Mi amiga me dijo que con _nach_ el significado tiene más el sentido de que tienen que pasar como mínimo 2 meses, pero que en realidad la acción (empezar a estudiar) puede ocurrir en cualquier momento desde que se cumplen esos 2 meses. Es decir, que realmente "empezar a estudiar" puede ocurrir a los 2 meses, o a los 3, o a los 4, etc., pero que esos 2 primeros meses tienen que pasar obligatoriamente. ¿Es eso correcto? En ese caso, el sentido sería el mismo que "a partir de X tiempo" en español:

_Sie beginnt nach zwei Monaten mit dem Studium_ - Ella empieza a estudiar a partir de 2 meses​
¿Te parece acertada esa traducción? Si dices que con _nach_ se necesita información previa, me da la impresión de que _nach_ y "a partir de" son prácticamente equivalentes, porque en español a mí también me falta algo en la frase "ella empieza a estudiar a partir de 2 meses". Automáticamente me pregunto: ¿a partir de dos meses de qué? Me falta un punto de referencia desde el que empezar a contar el tiempo.

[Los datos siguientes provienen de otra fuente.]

lemma quadratic_weight_bound:
  fixes K M c h z :: real
  assumes K: "K \<ge> 0" and M: "M \<ge> 2 + c\<^sup>2 + 2 * K * (1 + c\<^sup>2 * h\<^sup>2)"
  shows "1 - 2 * c * z - z\<^sup>2 + K * (1 + (z - c * h)\<^sup>2) \<le> M * (1 + z\<^sup>2)"
proof -
  have "K * (z - c * h)\<^sup>2 \<le> K * (2 * z\<^sup>2 + 2 * c\<^sup>2 * h\<^sup>2)"
    using K zero_le_power2[of "z + c * h"]
    by (intro mult_left_mono) (simp_all add: power2_eq_square algebra_simps)
  moreover have "- 2 * c * z \<le> c\<^sup>2 + z\<^sup>2"
    using zero_le_power2[of "z + c"] by (simp add: power2_eq_square algebra_simps)
  moreover have "(2 + c\<^sup>2 + 2 * K * (1 + c\<^sup>2 * h\<^sup>2)) * (1 + z\<^sup>2) \<le> M * (1 + z\<^sup>2)"
    using M by (simp add: mult_right_mono)
  moreover have "0 \<le> 2 * z\<^sup>2 + c\<^sup>2 * z\<^sup>2 + 2 * K * (c\<^sup>2 * h\<^sup>2 * z\<^sup>2) + 1 + K"
    using K by simp
  ultimately show ?thesis by (simp add: algebra_simps)
qed

lemma exp_supersolution_margin:
  fixes c h K \<mu> \<gamma> M D X z :: real
  assumes super: "exp_supersolution c h K \<mu> \<gamma>" and K: "K \<ge> 0" and h: "h \<ge> 0"
    and M: "M \<ge> 2 + c\<^sup>2 + 2 * K * (1 + c\<^sup>2 * h\<^sup>2)" and D: "D > 0" and X: "X > 0"
  shows "D * (\<mu>\<^sup>2 - c * \<mu> - 1) + X * (1 - 2 * c * z - z\<^sup>2)
           + K * (D * exp (\<gamma> * h) * exp (- \<mu> * c * h) + X * exp (- M * h) * (1 + (z - c * h)\<^sup>2))
         < - \<gamma> * D + M * X * (1 + z\<^sup>2)"
proof -
  have "D * (\<gamma> + \<mu>\<^sup>2 - c * \<mu> - 1 + K * exp (\<gamma> * h) * exp (- \<mu> * c * h)) < 0"
    using super D by (simp add: exp_supersolution_def mult_pos_neg)
  then have exp_part: "D * (\<mu>\<^sup>2 - c * \<mu> - 1) + K * (D * exp (\<gamma> * h) * exp (- \<mu> * c * h)) < - \<gamma> * D"
    by (simp add: algebra_simps)
  have "M \<ge> 0" using M K by (smt (verit) zero_le_power2 mult_nonneg_nonneg)
  then have "exp (- M * h) \<le> 1" using h by (simp add: mult_nonneg_nonneg)
  then have "exp (- M * h) * (X * (1 + (z - c * h)\<^sup>2)) \<le> X * (1 + (z - c * h)\<^sup>2)"
    using X by (intro mult_left_le_one_le) auto
  then have delay_part: "K * (X * exp (- M * h) * (1 + (z - c * h)\<^sup>2)) \<le> K * (X * (1 + (z - c * h)\<^sup>2))"
    using K by (intro mult_left_mono) (simp_all add: ac_simps)
  have "X * (1 - 2 * c * z - z\<^sup>2 + K * (1 + (z - c * h)\<^sup>2)) \<le> X * (M * (1 + z\<^sup>2))"
    using quadratic_weight_bound[OF K M] X by (intro mult_left_mono) auto
  then have weight_part: "X * (1 - 2 * c * z - z\<^sup>2) + K * (X * (1 + (z - c * h)\<^sup>2)) \<le> M * X * (1 + z\<^sup>2)"
    by (simp add: algebra_simps)
  show ?thesis
    using exp_part delay_part weight_part by (simp add: distrib_left)
qed

section \<open>The comparison principle on a closed set\<close>

definition profile_eq :: "(real \<Rightarrow> real) \<Rightarrow> real \<Rightarrow> real \<Rightarrow> (real \<Rightarrow> real) \<Rightarrow> bool" where
  "profile_eq g h c \<phi> \<longleftrightarrow> (\<forall>x. \<phi> differentiable (at x)) \<and> (\<forall>x. deriv \<phi> differentiable (at x)) \<and>
     (\<forall>x. deriv (deriv \<phi>) x - c * deriv \<phi> x - \<phi> x + g (\<phi> (x - c * h)) = 0)"

lemma wavefront_profile_eq:
  assumes "wavefront g \<kappa> h c \<phi>"
  shows "profile_eq g h c \<phi>"
proof -
  have sol: "classical_sol g h 0 0 UNIV (\<lambda>t x. \<phi> (x + c * t))"
    using assms by (simp add: wavefront_def)
  have at_0: "(\<lambda>s. \<phi> (x + c * s)) differentiable (at 0) \<and> (\<forall>y. \<phi> differentiable (at y)) \<and>
      deriv \<phi> differentiable (at x) \<and>
      deriv (\<lambda>s. \<phi> (x + c * s)) 0 = deriv (deriv \<phi>) x - \<phi> x + g (\<phi> (x - c * h))" for x
    using sol[unfolded classical_sol_def, rule_format, of 0 x] by (simp add: algebra_simps)
  have chain: "deriv (\<lambda>s. \<phi> (x + c * s)) 0 = deriv \<phi> x * c" for x
  proof (rule DERIV_imp_deriv)
    have "(\<phi> has_real_derivative deriv \<phi> (x + c * 0)) (at (x + c * 0))"
      using at_0[of x] by (simp add: DERIV_deriv_iff_real_differentiable)
    moreover have "((\<lambda>s. x + c * s) has_real_derivative c) (at 0)"
      by (auto intro!: derivative_eq_intros)
    ultimately show "((\<lambda>s. \<phi> (x + c * s)) has_real_derivative deriv \<phi> x * c) (at 0)"
      using DERIV_chain' by fastforce
  qed
  have "deriv (deriv \<phi>) x - c * deriv \<phi> x - \<phi> x + g (\<phi> (x - c * h)) = 0" for x
    using at_0[of x] chain[of x] by (simp add: algebra_simps)
  with at_0 show ?thesis
    unfolding profile_eq_def by blast
qed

Perdón por el tocho de mensaje


----------



## labizca

Hola Sylphadora! 

Si, es un poco complicado. Yo lo explicaria asi: 

el "_in zwei Monaten_" implica, que estamos partiendo de hoy (7 de Marzo de 2013) : "_In zwei Monaten fahre ich nach Madrid_" implica: "_Me voy a Madrid a mitades de Mayo_" (ya que estamos a mitades de Marzo). En esta situación, *no *se podría decir "_Nach zwei Monaten fahre ich nach Madrid_". 

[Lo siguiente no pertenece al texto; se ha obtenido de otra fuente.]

definition l1norm :: "real^'m::finite \<Rightarrow> real" where
  "l1norm v = (\<Sum>i\<in>UNIV. \<bar>v $ i\<bar>)"

definition pen_obj :: "(real \<Rightarrow> real \<Rightarrow> real) \<Rightarrow> real \<Rightarrow> real^'m^'n \<Rightarrow> real^'n \<Rightarrow> real^'m \<Rightarrow> real" where
  "pen_obj rho lam Z y \<theta> =
     1 / (2 * real CARD('n::finite)) * (norm (y - Z *v \<theta>))\<^sup>2 + rho_vec rho lam (\<theta>::real^'m::finite)"

end

theory Submission
  imports Defs
begin

text \<open>
  Write \<open>u = \<theta>hat - \<theta>star\<close> and \<open>S = supp \<theta>star\<close>. Comparing the objective at \<open>\<theta>hat\<close> with its
  value at \<open>\<theta>star\<close> and absorbing the noise term gives the basic inequality
  \<open>\<parallel>Z u\<parallel>\<^sup>2 / 2n + \<rho>(u\<^bsub>-S\<^esub>) \<le> \<xi> \<rho>(u\<^sub>S)\<close>; this only uses that \<open>\<rho>\<close> is nondecreasing and
  subadditive on \<open>[0,\<infinity>)\<close>. So \<open>u\<close> lies in the cone defining \<open>\<gamma>\<^sup>2\<close>, whence
  \<open>\<gamma>\<^sup>2 \<parallel>u\<parallel>\<^sup>2 \<le> \<parallel>Z u\<parallel>\<^sup>2 / n\<close>, while concavity gives \<open>\<rho>(x) \<le> \<rho>'(0\<^sup>+) x\<close> and hence
  \<open>\<rho>(u\<^sub>S) \<le> \<rho>'(0\<^sup>+) \<surd>s \<parallel>u\<parallel>\<close>; combining the two is the \<open>\<ell>\<^sub>2\<close> bound.
  The cone condition controls penalties rather than \<open>\<ell>\<^sub>1\<close> masses; Jensen's inequality at the scale
  \<open>T = \<parallel>u\<parallel> / \<surd>s\<close> together with \<open>x \<le> T \<rho>(x) / \<rho>(T) + x\<^sup>2 / 2T\<close> converts it into
  \<open>\<parallel>u\<parallel>\<^sub>1 \<le> (1 + \<xi>) \<surd>s \<parallel>u\<parallel>\<close>, which yields the \<open>\<ell>\<^sub>1\<close> bound.
\<close>

lemma sum_UNIV_Compl_split:
  fixes g :: "'a::finite \<Rightarrow> 'b::comm_monoid_add"
  shows "sum g UNIV = sum g A + sum g (- A)"
  by (metis Compl_partition finite sum.union_disjoint Compl_disjoint)

lemma power2_norm_vec_eq_sum: "(norm (u :: real^'m::finite))\<^sup>2 = (\<Sum>i\<in>UNIV. (u $ i)\<^sup>2)"
  unfolding power2_norm_eq_inner inner_vec_def by (simp add: power2_eq_square)

lemma sum_abs_le_sqrt_card_mult_L2:
  fixes g :: "'a \<Rightarrow> real"
  shows "(\<Sum>i\<in>A. \<bar>g i\<bar>) \<le> sqrt (card A) * sqrt (\<Sum>i\<in>A. (g i)\<^sup>2)"
proof -
  have "(\<Sum>i\<in>A. \<bar>g i\<bar>)\<^sup>2 \<le> card A * (\<Sum>i\<in>A. (g i)\<^sup>2)"
    using sum_squared_le_sum_of_squares[of "\<lambda>i. \<bar>g i\<bar>" A] by (simp add: mult.commute)
  then show ?thesis
    by (metis real_le_rsqrt real_sqrt_mult sum_abs_ge_zero)
qed

lemma sum_abs_le_sqrt_card_mult_norm:
  fixes u :: "real^'m::finite"
  shows "(\<Sum>i\<in>A. \<bar>u $ i\<bar>) \<le> sqrt (card A) * norm u"
proof -
  have "(\<Sum>i\<in>A. (u $ i)\<^sup>2) \<le> (norm u)\<^sup>2"
    unfolding power2_norm_vec_eq_sum sum_UNIV_Compl_split[of _ A] by (simp add: sum_nonneg)
  then have "sqrt (\<Sum>i\<in>A. (u $ i)\<^sup>2) \<le> norm u"
    using real_sqrt_le_mono by fastforce
  then show ?thesis
    by (intro order_trans[OF sum_abs_le_sqrt_card_mult_L2] mult_left_mono) simp_all
qed

locale concave_penalty =
  fixes f :: "real \<Rightarrow> real" and D :: real
  assumes concave: "concave_on {0..} f"
    and mono: "mono_on {0..} f"
    and zero [simp]: "f 0 = 0"
    and deriv0: "(f has_real_derivative D) (at 0 within {0..})"
    and deriv0_pos: "0 < D"
begin

lemma monoD: "0 \<le> x \<Longrightarrow> x \<le> y \<Longrightarrow> f x \<le> f y"
  using mono by (simp add: mono_on_def)

lemma nonneg: "0 \<le> x \<Longrightarrow> 0 \<le> f x"
  using monoD[of 0 x] by simp

lemma scale_le:
  assumes "0 \<le> t" "t \<le> 1" "0 \<le> x"
  shows "t * f x \<le> f (t * x)"
  using concave_onD[OF concave assms(1,2), of 0 x] assms by simp

lemma chord_slope_antimono:
  assumes "0 \<le> x" "x \<le> y"
  shows "x * f y \<le> y * f x"
proof (cases "y = 0")
  case False
  with assms have y: "0 < y" by simp
  have "x / y * f y \<le> f (x / y * y)"
    using assms y by (intro scale_le) auto
  with y show ?thesis by (simp add: field_simps)
qed (use assms in simp)

lemma subadditive:
  assumes "0 \<le> x" "0 \<le> y"
  shows "f (x + y) \<le> f x + f y"
proof (cases "x + y = 0")
  case False
  with assms have xy: "0 < x + y" by simp
  have "x * f (x + y) \<le> (x + y) * f x" "y * f (x + y) \<le> (x + y) * f y"
    using assms by (auto intro: chord_slope_antimono)
  then have "(x + y) * f (x + y) \<le> (x + y) * (f x + f y)"
    by (simp add: algebra_simps)
  with xy show ?thesis by simp
qed (use assms in \<open>simp add: add_nonneg_eq_0_iff\<close>)

lemma difference_quotient_tendsto: "((\<lambda>h. f h / h) \<longlongrightarrow> D) (at_right 0)"
  using deriv0 by (simp add: has_field_derivative_iff at_within_Ici_at_right)

lemma le_deriv0_mult:
  assumes "0 \<le> x"
  shows "f x \<le> D * x"
proof (cases "x = 0")
  case False
  with assms have x: "0 < x" by simp
  have "\<forall>\<^sub>F h in at_right 0. f x / x \<le> f h / h"
    using eventually_at_right_real[OF x]
  proof (rule eventually_mono)
    fix h assume "h \<in> {0<..<x}"
    then show "f x / x \<le> f h / h"
      using chord_slope_antimono[of h x] x by (simp add: field_simps)
  qed
  then have "f x / x \<le> D"
    by (intro tendsto_lowerbound[OF difference_quotient_tendsto]) simp_all
  with x show ?thesis by (simp add: field_simps)
qed simp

El "*nach*" no se refiere al tiempo "real" (ahora) - se usa, cuando estamos contando algo: "_Im August lernte er eine Spanierin kennen, und nach zwei Monaten zog er zu ihr nach Madrid_" (equivale a: "_zwei Monate später ..._"). Y también se puede usar, cuando se trata de un transcurso de tiempo, independiente del dia / hora / momento "real". "_Belegen Sie diesen Kurs, und nach zwei Monaten werden Sie perfekt spanisch sprechen_". (_dentro de dos meses ..._). En este sentido, su amiga tiene razón. Sin embargo, el "nach zwei Monaten" no significa: a lo mejor en dos, pero quizás también hasta en tres, cuatro, cinco meses ... 

o sea: 
_in zwei Monaten_ - dentro de dos meses, visto desde ahora
_nach zwei Monaten_ - dos meses mas tarde (desde un momento cualquiera, concretado en el contexto o generalizado: *en un plazo de dos meses*) 

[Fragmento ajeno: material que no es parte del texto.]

lemma (in pair_prob_space) integral_pair_square_error_eq:
  fixes f :: "'a \<Rightarrow> 'b \<Rightarrow> real" and Y :: "'b \<Rightarrow> real"
  assumes [measurable]: "Y \<in> borel_measurable M2"
    and f_meas: "(\<lambda>z. f (fst z) (snd z)) \<in> borel_measurable (M1 \<Otimes>\<^sub>M M2)"
    and square_int: "integrable (M1 \<Otimes>\<^sub>M M2) (\<lambda>z. (Y (snd z) - f (fst z) (snd z))\<^sup>2)"
  shows "(\<integral>z. (Y (snd z) - f (fst z) (snd z))\<^sup>2 \<partial>(M1 \<Otimes>\<^sub>M M2))
           = (\<integral>y. (Y y - (\<integral>x. f x y \<partial>M1))\<^sup>2 \<partial>M2) + (\<integral>y. var M1 (\<lambda>x. f x y) \<partial>M2)"
    and "integrable M2 (\<lambda>y. (Y y - (\<integral>x. f x y \<partial>M1))\<^sup>2)"
proof -
  define mean where "mean y = (\<integral>x. f x y \<partial>M1)" for y
  define risk where "risk y = (\<integral>x. (Y y - f x y)\<^sup>2 \<partial>M1)" for y
  have [measurable]: "(\<lambda>z. f (snd z) (fst z)) \<in> borel_measurable (M2 \<Otimes>\<^sub>M M1)"
    using measurable_pair_swap[OF f_meas] by (simp add: case_prod_beta')
  have [measurable]: "mean \<in> borel_measurable M2"
    unfolding mean_def by measurable
  have "(\<lambda>(y, x). (f x y - mean y)\<^sup>2) \<in> borel_measurable (M2 \<Otimes>\<^sub>M M1)"
    by (simp add: case_prod_beta') measurable
  from M1.borel_measurable_lebesgue_integral[OF this]
  have [measurable]: "(\<lambda>y. var M1 (\<lambda>x. f x y)) \<in> borel_measurable M2"
    unfolding var_def mean_def by simp
  have int_uncurried: "integrable (M1 \<Otimes>\<^sub>M M2) (\<lambda>(x, y). (Y y - f x y)\<^sup>2)"
    using square_int by (simp add: case_prod_beta')
  have risk_int: "integrable M2 risk"
    unfolding risk_def using integrable_snd[OF int_uncurried] .
  have risk_split: "AE y in M2. risk y = (Y y - mean y)\<^sup>2 + var M1 (\<lambda>x. f x y)"
    using AE_integrable_snd[OF int_uncurried] AE_space
  proof eventually_elim
    case (elim y)
    have "(\<lambda>x. f x y) \<in> borel_measurable M1"
      using measurable_compose[OF measurable_Pair2'[OF elim(2)] f_meas] by simp
    from M1.integral_square_diff_eq_variance[OF this elim(1)]
    show ?case unfolding risk_def mean_def var_def .
  qed
  have var_nonneg: "0 \<le> var M1 h" for h
    unfolding var_def by simp
  have bias_int: "integrable M2 (\<lambda>y. (Y y - mean y)\<^sup>2)"
    by (rule Bochner_Integration.integrable_bound[OF risk_int])
       (use risk_split var_nonneg in \<open>auto elim!: eventually_mono\<close>)
  have var_int: "integrable M2 (\<lambda>y. var M1 (\<lambda>x. f x y))"
    by (rule Bochner_Integration.integrable_bound[OF risk_int])
       (use risk_split var_nonneg in \<open>auto elim!: eventually_mono\<close>)
  have "(\<integral>z. (Y (snd z) - f (fst z) (snd z))\<^sup>2 \<partial>(M1 \<Otimes>\<^sub>M M2)) = (\<integral>y. risk y \<partial>M2)"
    unfolding risk_def integral_snd[OF int_uncurried] by (simp add: case_prod_beta')
  also have "\<dots> = (\<integral>y. (Y y - mean y)\<^sup>2 + var M1 (\<lambda>x. f x y) \<partial>M2)"
    by (rule integral_cong_AE) (use risk_split risk_int in auto)
  also have "\<dots> = (\<integral>y. (Y y - mean y)\<^sup>2 \<partial>M2) + (\<integral>y. var M1 (\<lambda>x. f x y) \<partial>M2)"
    using bias_int var_int by simp
  finally show "(\<integral>z. (Y (snd z) - f (fst z) (snd z))\<^sup>2 \<partial>(M1 \<Otimes>\<^sub>M M2))
           = (\<integral>y. (Y y - (\<integral>x. f x y \<partial>M1))\<^sup>2 \<partial>M2) + (\<integral>y. var M1 (\<lambda>x. f x y) \<partial>M2)"
    unfolding mean_def .
  show "integrable M2 (\<lambda>y. (Y y - (\<integral>x. f x y \<partial>M1))\<^sup>2)"
    using bias_int unfolding mean_def .
qed

lemma (in sigma_finite_subalgebra) square_integrable_real_cond_exp:
  fixes Y :: "'a \<Rightarrow> real"
  assumes "integrable M Y" "integrable M (\<lambda>x. (Y x)\<^sup>2)"
  shows "integrable M (\<lambda>x. (real_cond_exp M F Y x)\<^sup>2)"
  by (rule integrable_convex_cond_exp[where I=UNIV and q="\<lambda>x. x\<^sup>2"])
     (use assms convex_power2 in auto)

text \<open>The residual \<open>Y - E[Y|F]\<close> is orthogonal to every square
  integrable \<open>F\<close>-measurable function.\<close>

lemma (in sigma_finite_subalgebra) integral_square_diff_real_cond_exp:
  fixes Y g :: "'a \<Rightarrow> real"
  assumes [measurable]: "Y \<in> borel_measurable M" and Y_int: "integrable M Y"
    and Y_square_int: "integrable M (\<lambda>x. (Y x)\<^sup>2)"
    and g_meas: "g \<in> borel_measurable F" and g_square_int: "integrable M (\<lambda>x. (g x)\<^sup>2)"
  shows "(\<integral>x. (Y x - g x)\<^sup>2 \<partial>M)
     = (\<integral>x. (Y x - real_cond_exp M F Y x)\<^sup>2 \<partial>M) + (\<integral>x. (real_cond_exp M F Y x - g x)\<^sup>2 \<partial>M)"
proof -
  define h where "h = real_cond_exp M F Y"
  have [measurable]: "h \<in> borel_measurable M" "g \<in> borel_measurable M"
    unfolding h_def using measurable_from_subalg[OF subalg g_meas] by simp_all
  have diff_F: "(\<lambda>x. h x - g x) \<in> borel_measurable F"
    unfolding h_def using g_meas by measurable
  have h_square_int: "integrable M (\<lambda>x. (h x)\<^sup>2)"
    unfolding h_def using Y_int Y_square_int by (rule square_integrable_real_cond_exp)
  have hg_square_int: "integrable M (\<lambda>x. (h x - g x)\<^sup>2)"
    by (rule integrable_square_diff) (use h_square_int g_square_int in auto)
  have Yh_square_int: "integrable M (\<lambda>x. (Y x - h x)\<^sup>2)"
    by (rule integrable_square_diff) (use h_square_int Y_square_int in auto)
  have int_Y: "integrable M (\<lambda>x. (h x - g x) * Y x)"
    by (rule integrable_mult_of_square_integrable) (use hg_square_int Y_square_int in auto)
  have int_h: "integrable M (\<lambda>x. (h x - g x) * h x)"
    by (rule integrable_mult_of_square_integrable) (use hg_square_int h_square_int in auto)
  have orthogonal: "(\<integral>x. (h x - g x) * h x \<partial>M) = (\<integral>x. (h x - g x) * Y x \<partial>M)"
    unfolding h_def by (rule real_cond_exp_intg(2)) (use int_Y diff_F in \<open>simp_all add: h_def\<close>)
  have "(\<lambda>x. (Y x - g x)\<^sup>2)
      = (\<lambda>x. (Y x - h x)\<^sup>2 + (h x - g x)\<^sup>2 + 2 * ((h x - g x) * Y x - (h x - g x) * h x))"
    by (rule ext) (simp add: power2_eq_square algebra_simps)
  then have "(\<integral>x. (Y x - g x)\<^sup>2 \<partial>M) = (\<integral>x. (Y x - h x)\<^sup>2 \<partial>M) + (\<integral>x. (h x - g x)\<^sup>2 \<partial>M)
      + 2 * ((\<integral>x. (h x - g x) * Y x \<partial>M) - (\<integral>x. (h x - g x) * h x \<partial>M))"
    using Yh_square_int hg_square_int int_Y int_h by simp
  then show ?thesis
    using orthogonal unfolding h_def by simp
qed

lemma (in sigma_finite_subalgebra) integral_cond_var_nested_subalg:
  fixes Y :: "'a \<Rightarrow> real"
  assumes G: "subalgebra M G" "subalgebra G F"
    and Y_meas [measurable]: "Y \<in> borel_measurable M" and Y_int: "integrable M Y"
    and Y_square_int: "integrable M (\<lambda>x. (Y x)\<^sup>2)"
  shows "(\<integral>x. (Y x - real_cond_exp M F Y x)\<^sup>2 \<partial>M)
     = (\<integral>x. (Y x - real_cond_exp M G Y x)\<^sup>2 \<partial>M) + (\<integral>x. cond_var M F (real_cond_exp M G Y) x \<partial>M)"
proof -
  interpret G: sigma_finite_subalgebra M G
    by (rule nested_subalg_is_sigma_finite[OF G])
  define EF where "EF = real_cond_exp M F Y"
  define EG where "EG = real_cond_exp M G Y"
  have [measurable]: "EF \<in> borel_measurable M" "EG \<in> borel_measurable M" "EF \<in> borel_measurable F"
    unfolding EF_def EG_def by simp_all
  have EF_G: "EF \<in> borel_measurable G"
    by (rule measurable_from_subalg[OF G(2)]) (simp add: EF_def)
  have EF_square_int: "integrable M (\<lambda>x. (EF x)\<^sup>2)"
    unfolding EF_def using Y_int Y_square_int by (rule square_integrable_real_cond_exp)
  have EG_square_int: "integrable M (\<lambda>x. (EG x)\<^sup>2)"
    unfolding EG_def using Y_int Y_square_int by (rule G.square_integrable_real_cond_exp)
  have EG_int: "integrable M EG"
    unfolding EG_def using Y_int by (rule G.real_cond_exp_int(1))
  have tower: "AE x in M. real_cond_exp M F EG x = EF x"
    unfolding EG_def EF_def using G Y_int by (rule real_cond_exp_nested_subalg)
  have "(\<integral>x. cond_var M F EG x \<partial>M) = (\<integral>x. (EG x - real_cond_exp M F EG x)\<^sup>2 \<partial>M)"
    unfolding cond_var_def
    by (rule real_cond_exp_int(2)) (rule integrable_square_diff, use EG_square_int
        square_integrable_real_cond_exp[OF EG_int EG_square_int] in auto)
  also have "\<dots> = (\<integral>x. (EG x - EF x)\<^sup>2 \<partial>M)"
    by (rule integral_cong_AE) (use tower in auto)
  finally have "(\<integral>x. cond_var M F EG x \<partial>M) = (\<integral>x. (EG x - EF x)\<^sup>2 \<partial>M)" .
  moreover have "(\<integral>x. (Y x - EF x)\<^sup>2 \<partial>M) = (\<integral>x. (Y x - EG x)\<^sup>2 \<partial>M) + (\<integral>x. (EG x - EF x)\<^sup>2 \<partial>M)"
    unfolding EG_def
    by (rule G.integral_square_diff_real_cond_exp[OF Y_meas Y_int Y_square_int EF_G EF_square_int])
  ultimately show ?thesis
    unfolding EF_def EG_def by simp
qed

lemma expected_square_error_decomposition:
  fixes f :: "'p \<Rightarrow> 'a \<Rightarrow> real" and Y :: "'a \<Rightarrow> real"
  assumes P: "prob_space P" and M: "prob_space M" and F: "subalgebra M F"
    and Y_meas [measurable]: "Y \<in> borel_measurable M" and Y_square_int: "integrable M (\<lambda>x. (Y x)\<^sup>2)"
    and f_meas: "(\<lambda>z. f (fst z) (snd z)) \<in> borel_measurable (P \<Otimes>\<^sub>M M)"
    and mean_meas: "(\<lambda>x. \<integral>d. f d x \<partial>P) \<in> borel_measurable F"
    and square_int: "integrable (P \<Otimes>\<^sub>M M) (\<lambda>z. (Y (snd z) - f (fst z) (snd z))\<^sup>2)"
  shows "(\<integral>z. (Y (snd z) - f (fst z) (snd z))\<^sup>2 \<partial>(P \<Otimes>\<^sub>M M))
     = (\<integral>x. (Y x - real_cond_exp M F Y x)\<^sup>2 \<partial>M)
       + (\<integral>x. ((\<integral>d. f d x \<partial>P) - real_cond_exp M F Y x)\<^sup>2 \<partial>M)
       + (\<integral>x. var P (\<lambda>d. f d x) \<partial>M)"
proof -
  interpret pair_prob_space P M
    using P M by (simp add: pair_prob_space_def pair_sigma_finite_def prob_space_imp_sigma_finite)
  interpret F: finite_measure_subalgebra M F
    using F by unfold_locales
  define mean where "mean x = (\<integral>d. f d x \<partial>P)" for x
  note pair_decomposition = integral_pair_square_error_eq[OF Y_meas f_meas square_int, folded mean_def]
  have [measurable]: "mean \<in> borel_measurable M"
    unfolding mean_def using measurable_from_subalg[OF F mean_meas] .
  have Y_int: "integrable M Y"
    using M2.square_integrable_imp_integrable[OF Y_meas Y_square_int] .
  have "integrable M (\<lambda>x. (Y x - (Y x - mean x))\<^sup>2)"
    by (rule integrable_square_diff[OF _ _ Y_square_int pair_decomposition(2)]) measurable
  then have mean_square_int: "integrable M (\<lambda>x. (mean x)\<^sup>2)"
    by simp
  have mean_F: "mean \<in> borel_measurable F"
    using mean_meas unfolding mean_def .
  have pythagoras: "(\<integral>x. (Y x - mean x)\<^sup>2 \<partial>M)
      = (\<integral>x. (Y x - real_cond_exp M F Y x)\<^sup>2 \<partial>M) + (\<integral>x. (real_cond_exp M F Y x - mean x)\<^sup>2 \<partial>M)"
    by (rule F.integral_square_diff_real_cond_exp[OF Y_meas Y_int Y_square_int mean_F mean_square_int])
  have bias_commute: "(\<integral>x. (real_cond_exp M F Y x - mean x)\<^sup>2 \<partial>M) = (\<integral>x. (mean x - real_cond_exp M F Y x)\<^sup>2 \<partial>M)"
    by (simp add: power2_commute)
  have "(\<integral>z. (Y (snd z) - f (fst z) (snd z))\<^sup>2 \<partial>(P \<Otimes>\<^sub>M M))
      = (\<integral>x. (Y x - mean x)\<^sup>2 \<partial>M) + (\<integral>x. var P (\<lambda>d. f d x) \<partial>M)"
    by (rule pair_decomposition(1))
  also have "\<dots> = (\<integral>x. (Y x - real_cond_exp M F Y x)\<^sup>2 \<partial>M)
      + (\<integral>x. (mean x - real_cond_exp M F Y x)\<^sup>2 \<partial>M) + (\<integral>x. var P (\<lambda>d. f d x) \<partial>M)"
    unfolding pythagoras bias_commute ..
  finally show ?thesis
    unfolding mean_def .
qed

Por lo tanto, la oración "_Sie beginnt nach 2 Monaten mit dem Studium_" parece rara, incluso incorrecta. Es aceptable solamente, si es parte de un cuento: "_Im Mai 2011 legt (legte) sie das Abitur ab, und nach zwei Monaten beginnt (begann) sie mit dem Studium_" (mejor, más claro: zwei Monate später begann sie mit dem Studim)


----------



## Sylphadora

Aaaaah! Ya lo entiendo! _ Nach zwei Monaten_ no significa "a partir de 2 meses", sino "dos meses después (de algo)". O sea, que habría que usar _nach_ en las siguientes frases:

Tuvo un hijo un año después de casarse.
Encontró trabajo tres meses después de terminar la universidad.
Las notas se publicarán una semana después del examen.​
No puedo poner los ejemplos en alemán porque todavía no tengo nivel suficiente (solo conozco el presente y un poco de pretérito perfecto), pero se usaría _nach_ en esos casos, ¿no? Muchas gracias por la explicación. Creo que me ha quedado claro


----------



## labizca

Asi es. Solamente que "nach" es na preposicion. Si el punto de referencia es expresado por un verbo (casarse, terminar), necesitamos una conjunction (y formamos una oracion subordinada): 

_Zwei Monate* nach der Hochzeit* bekam sie ein Kind. / Zwei Monate *nachdem sie geheiratet hatte*, bekam sie ein Kind. 
Drei Monate *nach dem Abschluss der Uni* fand er eine Arbeit. / Drei Monate *nachdem er die Uni beendet hatte*, fand er eine Arbeit. 
Die Noten werden eine Woche nach dem Examen veroeffentlicht. _


----------